Add a sitemap to Google Search Console
We can help the robot find all the subpages by reporting in the Google panel a site map with a list of all the subpages available for indexation.
Beware of content cannibalization
The use of the same key phrases and similar sub-page concretions for two or more sub-pages will certainly not help your SEO, and will even make Google have trouble showing sub-pages for certain key phrases.
Avoid hacking attacks
Hacking attacks also lower the chance of being indexed. So it's worth keeping your site secure.
Server logs
By analyzing the logs you can see how the robot moved around your site. It is best to analyze the last month, although for large sites the ideal range is two weeks.
Check robots.txt
It is worth checking which blocked addresses are crawled and removing unnecessary rules.
Check how many internal addresses are not canonical.
The canonical tag today is very often overlooked by the search engine.
Higher indexation rate of a page is very important however it is not a ranking factor, so it does not determine SEO. Remember, however, that crawling has a big impact on improving the health of the site and maximizing the budget for value pages.

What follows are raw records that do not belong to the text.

theorem lemma5p1:
  fixes M :: "'a measure"
    and f :: "real ^ 'n \<Rightarrow> real"
    and X N :: "'a \<Rightarrow> real ^ 'n"
    and \<rho> :: "real \<Rightarrow> ennreal"
  assumes smooth_f: "smooth f"
    and f_nonneg: "\<And>x. f x \<ge> 0"
    and f_prob: "(\<integral>\<^sup>+ x. ennreal (f x) \<partial>std_gauss) = 1"
    and moment2: "(\<integral>\<^sup>+ x. ennreal ((norm x)\<^sup>2 * f x) \<partial>std_gauss) < \<infinity>"
    and fisher: "fisher_info f < \<infinity>"
    and M: "prob_space M"
    and X_rv: "X \<in> borel_measurable M"
    and N_rv: "N \<in> borel_measurable M"
    and X_law: "distr M borel X = density std_gauss (\<lambda>x. ennreal (f x))"
    and N_law: "distr M borel N = std_gauss"
    and indep: "prob_space.indep_var M borel X borel N"
    and mean0: "(\<integral>\<omega>. X \<omega> \<partial>M) = 0"
    and \<rho>_def: "\<And>t. t \<ge> 0 \<Longrightarrow> \<rho> t =
       (SUP \<alpha>\<in>{\<alpha>::real ^ 'n. norm \<alpha> = 1}.
          \<integral>\<^sup>+ \<omega>. ennreal ((real_cond_exp M
              (vimage_algebra (space M)
                 (\<lambda>\<omega>. exp (- t) *\<^sub>R X \<omega> + sqrt (1 - exp (- 2 * t)) *\<^sub>R N \<omega>) borel)
              (\<lambda>\<omega>. \<alpha> \<bullet> X \<omega>) \<omega>)\<^sup>2) \<partial>M)"
  shows "(\<rho> \<longlongrightarrow> 0) at_top"
proof -
  have [measurable]: "f \<in> borel_measurable borel"
    using smooth_f unfolding smooth_def by (metis Ck.simps(1) borel_measurable_continuous_onI)
  have "(\<integral>\<^sup>+ \<omega>. ennreal ((norm (X \<omega>))\<^sup>2) \<partial>M) = (\<integral>\<^sup>+ x. ennreal (f x) * ennreal ((norm x)\<^sup>2) \<partial>std_gauss)"
    using nn_integral_distr[OF X_rv, of "\<lambda>x. ennreal ((norm x)\<^sup>2)"]
    by (simp add: X_law nn_integral_density)
  also have "\<dots> = (\<integral>\<^sup>+ x. ennreal ((norm x)\<^sup>2 * f x) \<partial>std_gauss)"
    using f_nonneg by (simp add: ennreal_mult'[symmetric] mult.commute)
  finally have X2: "integrable M (\<lambda>\<omega>. (norm (X \<omega>))\<^sup>2)"
    using moment2 X_rv by (intro integrableI_nonneg) auto
  have "eventually (\<lambda>t. (SUP \<alpha>\<in>{\<alpha>::real ^ 'n. norm \<alpha> = 1}. \<integral>\<^sup>+ \<omega>. ennreal ((real_cond_exp M
      (vimage_algebra (space M) (\<lambda>\<omega>. exp (- t) *\<^sub>R X \<omega> + sqrt (1 - exp (- 2 * t)) *\<^sub>R N \<omega>) borel)
      (\<lambda>\<omega>. \<alpha> \<bullet> X \<omega>) \<omega>)\<^sup>2) \<partial>M) = \<rho> t) at_top"
    using eventually_ge_at_top[of 0] by eventually_elim (simp add: \<rho>_def)
  then show ?thesis
    using tendsto_SUP_cond_exp_square_zero[OF M X_rv N_rv N_law indep X2 mean0] by (rule tendsto_cong[THEN iffD1])
qed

An SEO audit will be the tool to determine if SEO is going well.
A link marked as nofollow is not taken into account for indexation by Gooogle. It is also thanks to this parameter that we can control the flow of power on the site and appropriately transfer seo power through the link to specific subpages. An alternative parameter is a link marked as dofollow that transmits indexing power and seo power.

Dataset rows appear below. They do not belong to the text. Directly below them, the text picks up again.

(* Let $k\in\mathbb{R}$, $\upsilon$ a multiplier system of weight $k$ with cusp parameter $m$, $\rho:\Gamma\to GL_d(\mathbb{C})$ a representation, and suppose $F=(f_1,\dots,f_d)^t\in\mathcal{H}(k,\rho,\upsilon)$ has linearly independent components. Then the following are equivalent: (i) for each $1\le j\le d$ there is a convergent $q$-expansion $f_j(q)=q^{\lambda_j}\sum_{n\ge0}a_j(n)q^n$ with $\lambda_j\ge0$; (ii) $\rho(T)=\mathrm{diag}(\mathbf{e}(r_1),\dots,\mathbf{e}(r_d))$ for some real numbers $r_j$.
   Context: $\Gamma=SL(2,\mathbb{Z})$ acts on the upper half-plane $\mathbb{H}$ by Möbius transformations; $T=\begin{pmatrix}1&1\\0&1\end{pmatrix}$; $q=e^{2\pi iz}$, $q^\lambda=e^{2\pi i\lambda z}$, $\mathbf{e}(r)=e^{2\pi ir}$. Complex powers use the principal branch of $\log$. A multiplier system of weight $k$ is a map $\upsilon:\Gamma\to\{|w|=1\}$ such that $\nu(\gamma,z)=\upsilon(\gamma)(cz+d)^k$ satisfies $\nu(\gamma\sigma,z)=\nu(\gamma,\sigma z)\nu(\sigma,z)$; its cusp parameter is the $m\in[0,12)$ with $\upsilon(T)=\mathbf{e}(m/12)$. Slash: $(f|_k^\upsilon\gamma)(z)=\upsilon(\gamma)^{-1}(cz+d)^{-k}f(\gamma z)$. Moderate growth: $|f(x+iy)|\le y^N$ for $y>c$. $\mathcal{H}(k,\rho,\upsilon)$: column vectors $F$ of holomorphic moderate-growth functions on $\mathbb{H}$ with $F|_k^\upsilon\gamma=\rho(\gamma)F$ for all $\gamma$. "Convergent $q$-expansion" means $f_j(z)=e^{2\pi i\lambda_jz}\sum_{n\ge0}a_j(n)e^{2\pi inz}$ for all $z\in\mathbb{H}$. *)

theory Defs
  imports "HOL-Complex_Analysis.Complex_Analysis"
begin

(* Elements of SL(2,Z) are represented as (a,b,c,d) standing for the matrix [[a,b],[c,d]]. *)
type_synonym sl2 = "int \<times> int \<times> int \<times> int"

definition SL2Z :: "sl2 set" where
  "SL2Z = {(a,b,c,d). a*d - b*c = 1}"

fun sl2_mult :: "sl2 \<Rightarrow> sl2 \<Rightarrow> sl2" where
  "sl2_mult (a,b,c,d) (a',b',c',d') = (a*a' + b*c', a*b' + b*d', c*a' + d*c', c*b' + d*d')"

definition T_mat :: sl2 where "T_mat = (1,1,0,1)"

definition upper_half_plane :: "complex set" where
  "upper_half_plane = {z. Im z > 0}"

fun moebius :: "sl2 \<Rightarrow> complex \<Rightarrow> complex" where
  "moebius (a,b,c,d) z = (of_int a * z + of_int b) / (of_int c * z + of_int d)"

(* automorphy factor (cz+d)^k, principal branch *)
fun aut_fac :: "real \<Rightarrow> sl2 \<Rightarrow> complex \<Rightarrow> complex" where
  "aut_fac k (a,b,c,d) z = (of_int c * z + of_int d) powr (of_real k)"

definition e :: "real \<Rightarrow> complex" where
  "e r = exp (2 * pi * \<i> * of_real r)"

definition multiplier_system :: "real \<Rightarrow> (sl2 \<Rightarrow> complex) \<Rightarrow> bool" where
  "multiplier_system k v \<longleftrightarrow>
     (\<forall>\<gamma>\<in>SL2Z. norm (v \<gamma>) = 1) \<and>
     (\<forall>\<gamma>\<in>SL2Z. \<forall>\<sigma>\<in>SL2Z. \<forall>z\<in>upper_half_plane.
        v (sl2_mult \<gamma> \<sigma>) * aut_fac k (sl2_mult \<gamma> \<sigma>) z
        = (v \<gamma> * aut_fac k \<gamma> (moebius \<sigma> z)) * (v \<sigma> * aut_fac k \<sigma> z))"

definition cusp_parameter :: "(sl2 \<Rightarrow> complex) \<Rightarrow> real \<Rightarrow> bool" where
  "cusp_parameter v m \<longleftrightarrow> 0 \<le> m \<and> m < 12 \<and> v T_mat = e (m / 12)"

definition representation :: "(sl2 \<Rightarrow> complex^'d^'d) \<Rightarrow> bool" where
  "representation \<rho> \<longleftrightarrow>
     (\<forall>\<gamma>\<in>SL2Z. invertible (\<rho> \<gamma>)) \<and>
     (\<forall>\<gamma>\<in>SL2Z. \<forall>\<sigma>\<in>SL2Z. \<rho> (sl2_mult \<gamma> \<sigma>) = \<rho> \<gamma> ** \<rho> \<sigma>)"

definition moderate_growth :: "(complex \<Rightarrow> complex) \<Rightarrow> bool" where
  "moderate_growth f \<longleftrightarrow>
     (\<exists>N c. \<forall>x y. y > c \<and> y > 0 \<longrightarrow> norm (f (Complex x y)) \<le> y powr N)"

definition slash :: "real \<Rightarrow> (sl2 \<Rightarrow> complex) \<Rightarrow> (complex \<Rightarrow> complex^'d) \<Rightarrow> sl2 \<Rightarrow> complex \<Rightarrow> complex^'d" where
  "slash k v F \<gamma> z = (\<chi> j. inverse (v \<gamma>) * inverse (aut_fac k \<gamma> z) * F (moebius \<gamma> z) $ j)"

definition vvmf_space :: "real \<Rightarrow> (sl2 \<Rightarrow> complex^'d^'d) \<Rightarrow> (sl2 \<Rightarrow> complex) \<Rightarrow> (complex \<Rightarrow> complex^'d) set" where
  "vvmf_space k \<rho> v = {F.
     (\<forall>j. (\<lambda>z. F z $ j) holomorphic_on upper_half_plane) \<and>
     (\<forall>j. moderate_growth (\<lambda>z. F z $ j)) \<and>
     (\<forall>\<gamma>\<in>SL2Z. \<forall>z\<in>upper_half_plane. slash k v F \<gamma> z = \<rho> \<gamma> *v F z)}"

definition components_lin_indep :: "(complex \<Rightarrow> complex^'d) \<Rightarrow> bool" where
  "components_lin_indep F \<longleftrightarrow>
     (\<forall>c :: 'd \<Rightarrow> complex. (\<forall>z\<in>upper_half_plane. (\<Sum>j\<in>UNIV. c j * F z $ j) = 0) \<longrightarrow> (\<forall>j. c j = 0))"

definition has_convergent_q_expansion :: "(complex \<Rightarrow> complex) \<Rightarrow> real \<Rightarrow> (nat \<Rightarrow> complex) \<Rightarrow> bool" where
  "has_convergent_q_expansion f lam a \<longleftrightarrow>
     (\<forall>z\<in>upper_half_plane. \<exists>s. (\<lambda>n. a n * exp (2 * pi * \<i> * of_nat n * z)) sums s \<and>
        f z = exp (2 * pi * \<i> * of_real lam * z) * s)"

end

theory Submission
  imports Defs "HOL-Real_Asymp.Real_Asymp"
begin

(* If every component has a q-expansion, then f_j(z+1) = e(lambda_j) f_j(z), so rho(T) and
   diag(e(lambda_j - m/12)) act identically on all values F(z); by linear independence of the
   components they coincide.  Conversely, if rho(T) is diagonal, then f_j(z+1) = e(mu) f_j(z);
   with lambda = frac mu the function exp(-2 pi i lambda z) f_j(z) is 1-periodic, hence a
   function G of q = exp(2 pi i z) on the punctured unit disc.  Moderate growth of f_j makes
   q G(q) tend to 0, so G has a removable singularity at 0 and its Taylor series is the
   q-expansion. *)

lemma e_add: "e a * e b = e (a + b)"
  unfolding e_def by (simp add: exp_add[symmetric] algebra_simps)

lemma e_nonzero: "e r \<noteq> 0"
  by (simp add: e_def)

lemma e_of_int: "e (of_int n) = 1"
  unfolding e_def using exp_eq[of "2 * pi * \<i> * of_int n" 0] by (auto simp: algebra_simps)

lemma e_add_of_int: "e (r + of_int n) = e r"
  using e_add[of r "of_int n"] by (simp add: e_of_int)

lemma upper_half_plane_add_real:
  "z \<in> upper_half_plane \<Longrightarrow> z + of_real x \<in> upper_half_plane"
  by (simp add: upper_half_plane_def)

lemma periodic_shift_of_int:
  assumes per: "\<forall>z\<in>upper_half_plane. g (z + 1) = g z" and z: "z \<in> upper_half_plane"
  shows "g (z + of_int n) = g z"
proof -
  have shift_nat: "g (w + of_nat k) = g w" if "w \<in> upper_half_plane" for w k
  proof (induction k)
    case (Suc k)
    have "w + of_nat k \<in> upper_half_plane"
      using upper_half_plane_add_real[OF that, of "of_nat k"] by simp
    have "g (w + of_nat (Suc k)) = g (w + of_nat k + 1)"
      by (simp add: algebra_simps)
    also have "\<dots> = g (w + of_nat k)"
      using per \<open>w + of_nat k \<in> upper_half_plane\<close> by blast
    finally show ?case using Suc.IH by simp
  qed simp
  show ?thesis
  proof (cases "n \<ge> 0")
    case True
    then show ?thesis using shift_nat[OF z, of "nat n"] by simp
  next
    case False
    have "z + of_int n \<in> upper_half_plane"
      using upper_half_plane_add_real[OF z, of "of_int n"] by simp
    from shift_nat[OF this, of "nat (- n)"] False show ?thesis by simp
  qed
qed

definition q_pullback :: "(complex \<Rightarrow> complex) \<Rightarrow> complex \<Rightarrow> complex" where
  "q_pullback g q = g (Ln q / (2 * pi * \<i>))"

lemma Im_Ln_div_2pi_i:
  "q \<noteq> 0 \<Longrightarrow> Im (Ln q / (2 * pi * \<i>)) = - ln (norm q) / (2 * pi)"
  by (simp add: Im_divide power2_eq_square field_simps)

lemma Ln_div_2pi_i_in_upper_half_plane:
  assumes "q \<noteq> 0" "norm q < 1"
  shows "Ln q / (2 * pi * \<i>) \<in> upper_half_plane"
proof -
  have "ln (norm q) < 0" using assms by simp
  then show ?thesis
    using Im_Ln_div_2pi_i[OF assms(1)] by (simp add: upper_half_plane_def divide_neg_pos)
qed

lemma exp_2pi_i_in_punctured_disc:
  "z \<in> upper_half_plane \<Longrightarrow> exp (2 * pi * \<i> * z) \<in> ball 0 1 - {0}"
  by (simp add: upper_half_plane_def)

lemma q_pullback_exp:
  assumes per: "\<forall>z\<in>upper_half_plane. g (z + 1) = g z" and w: "w \<in> upper_half_plane"
  shows "q_pullback g (exp (2 * pi * \<i> * w)) = g w"
proof -
  define q where "q = exp (2 * pi * \<i> * w)"
  have q: "q \<noteq> 0" "norm q < 1"
    using exp_2pi_i_in_punctured_disc[OF w] by (auto simp: q_def)
  have "exp (2 * pi * \<i> * w) = exp (2 * pi * \<i> * (Ln q / (2 * pi * \<i>)))"
    using q by (simp add: q_def)
  then obtain n :: int
    where "2 * pi * \<i> * w = 2 * pi * \<i> * (Ln q / (2 * pi * \<i>)) + of_int (2 * n) * pi * \<i>"
    by (auto simp: exp_eq)
  then have "w = Ln q / (2 * pi * \<i>) + of_int n"
    by (simp add: field_simps)
  then have "q_pullback g q = g w"
    using periodic_shift_of_int[OF per Ln_div_2pi_i_in_upper_half_plane[OF q]]
    by (simp add: q_pullback_def)
  then show ?thesis by (simp add: q_def)
qed

(* Ln is holomorphic off the nonpositive reals; near them the branch Ln(-q)/(2 pi i) + 1/2
   serves instead, and by periodicity it gives the same value of g. *)
lemma holomorphic_on_q_pullback:
  assumes hol: "g holomorphic_on upper_half_plane"
    and per: "\<forall>z\<in>upper_half_plane. g (z + 1) = g z"
  shows "q_pullback g holomorphic_on ball 0 1 - {0}"
proof -
  define D where "D = ball 0 1 - {0 :: complex}"
  have D_iff: "q \<in> D \<longleftrightarrow> q \<noteq> 0 \<and> norm q < 1" for q
    by (auto simp: D_def)
  have principal: "q_pullback g holomorphic_on D - \<real>\<^sub>\<le>\<^sub>0"
    unfolding q_pullback_def
  proof (rule holomorphic_on_compose_gen[OF _ hol, unfolded o_def])
    show "(\<lambda>q. Ln q / (2 * pi * \<i>)) holomorphic_on D - \<real>\<^sub>\<le>\<^sub>0"
      by (intro holomorphic_intros) auto
    show "(\<lambda>q. Ln q / (2 * pi * \<i>)) ` (D - \<real>\<^sub>\<le>\<^sub>0) \<subseteq> upper_half_plane"
      using Ln_div_2pi_i_in_upper_half_plane D_iff by auto
  qed
  define L where "L = (\<lambda>q. Ln (- q) / (2 * pi * \<i>) + 1 / 2)"
  have L_in: "L q \<in> upper_half_plane" if "q \<in> D" for q
    using Ln_div_2pi_i_in_upper_half_plane[of "- q"] that upper_half_plane_add_real[of _ "1/2"]
    by (auto simp: L_def D_iff)
  have "(g \<circ> L) holomorphic_on D - \<real>\<^sub>\<ge>\<^sub>0"
  proof (rule holomorphic_on_compose_gen[OF _ hol])
    have "(\<lambda>q. Ln (- q)) holomorphic_on D - \<real>\<^sub>\<ge>\<^sub>0"
    proof (rule holomorphic_on_Ln')
      fix q assume "q \<in> D - \<real>\<^sub>\<ge>\<^sub>0"
      then show "- q \<notin> \<real>\<^sub>\<le>\<^sub>0"
        by (metis DiffD2 neg_0_le_iff_le nonpos_Reals_cases nonneg_Reals_of_real_iff
            of_real_minus minus_minus)
    qed (intro holomorphic_intros)
    then show "L holomorphic_on D - \<real>\<^sub>\<ge>\<^sub>0"
      unfolding L_def by (intro holomorphic_intros) auto
    show "L ` (D - \<real>\<^sub>\<ge>\<^sub>0) \<subseteq> upper_half_plane"
      using L_in by auto
  qed
  moreover have "q_pullback g q = (g \<circ> L) q" if "q \<in> D - \<real>\<^sub>\<ge>\<^sub>0" for q
  proof -
    have "2 * pi * \<i> * L q = Ln (- q) + pi * \<i>"
      by (simp add: L_def field_simps)
    then have "exp (2 * pi * \<i> * L q) = q"
      using that by (simp add: exp_add D_iff)
    then have "q_pullback g q = q_pullback g (exp (2 * pi * \<i> * L q))"
      by simp
    also have "\<dots> = g (L q)"
      using q_pullback_exp[OF per L_in] that by simp
    finally show ?thesis by simp
  qed
  ultimately have opposite: "q_pullback g holomorphic_on D - \<real>\<^sub>\<ge>\<^sub>0"
    using holomorphic_transform by metis
  have "D = (D - \<real>\<^sub>\<le>\<^sub>0) \<union> (D - \<real>\<^sub>\<ge>\<^sub>0)"
  proof safe
    fix q assume "q \<in> D" "q \<in> \<real>\<^sub>\<le>\<^sub>0" "q \<in> \<real>\<^sub>\<ge>\<^sub>0"
    then show False
      using D_iff by (metis antisym nonneg_Reals_cases nonpos_Reals_cases of_real_0 of_real_eq_iff)
  qed
  moreover have "q_pullback g holomorphic_on (D - \<real>\<^sub>\<le>\<^sub>0) \<union> (D - \<real>\<^sub>\<ge>\<^sub>0)"
    by (intro holomorphic_on_Un principal opposite open_Diff closed_nonpos_Reals_complex
        closed_nonneg_Reals_complex) (auto simp: D_def)
  ultimately show ?thesis
    by (simp add: D_def)
qed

The described optimization methods will help you significantly increase the crawl budget of the site. The factors are quite numerous, and every detail, even the smallest, can matter. The absolute basis is to eliminate errors and avoid duplication. Detailed analysis in Google Search Console, as well as paid tools will be extremely useful.
You will check this by typing site:domain name in the search window. Then you will get information about the approximate number of indexed addresses. This will allow you to assess whether this number corresponds to the actual number of sub-pages.
First of all, make sure that the addresses in the sitemap return a response code of 200. Also, avoid URL adrs that contain meta robots with "noindex", pagination pages and pages that are blocked with robots.txt file. Incorrect implementation of the map or its incorrect content can reduce the crawl budget.
The indexing robot does not take into account links marked as nofollow. This allows you to prioritize and transfer SEO power to other subpages.
For this purpose, just take a look at some online tools. You can check it out at https://developers.google.com/speed/pagespeed/insights/ or https://gtmetrix.com, for example.
It's hard not to notice how important a website budget crawl is. Meanwhile, many inexperienced webmasters or online store owners overlook this aspect. With proper data analysis and optimization, you will take care of the crawl rate limit and crawl demand to stay ahead of the competition. So there is no doubt that these elements have a significant impact on traffic and, consequently, on conversions.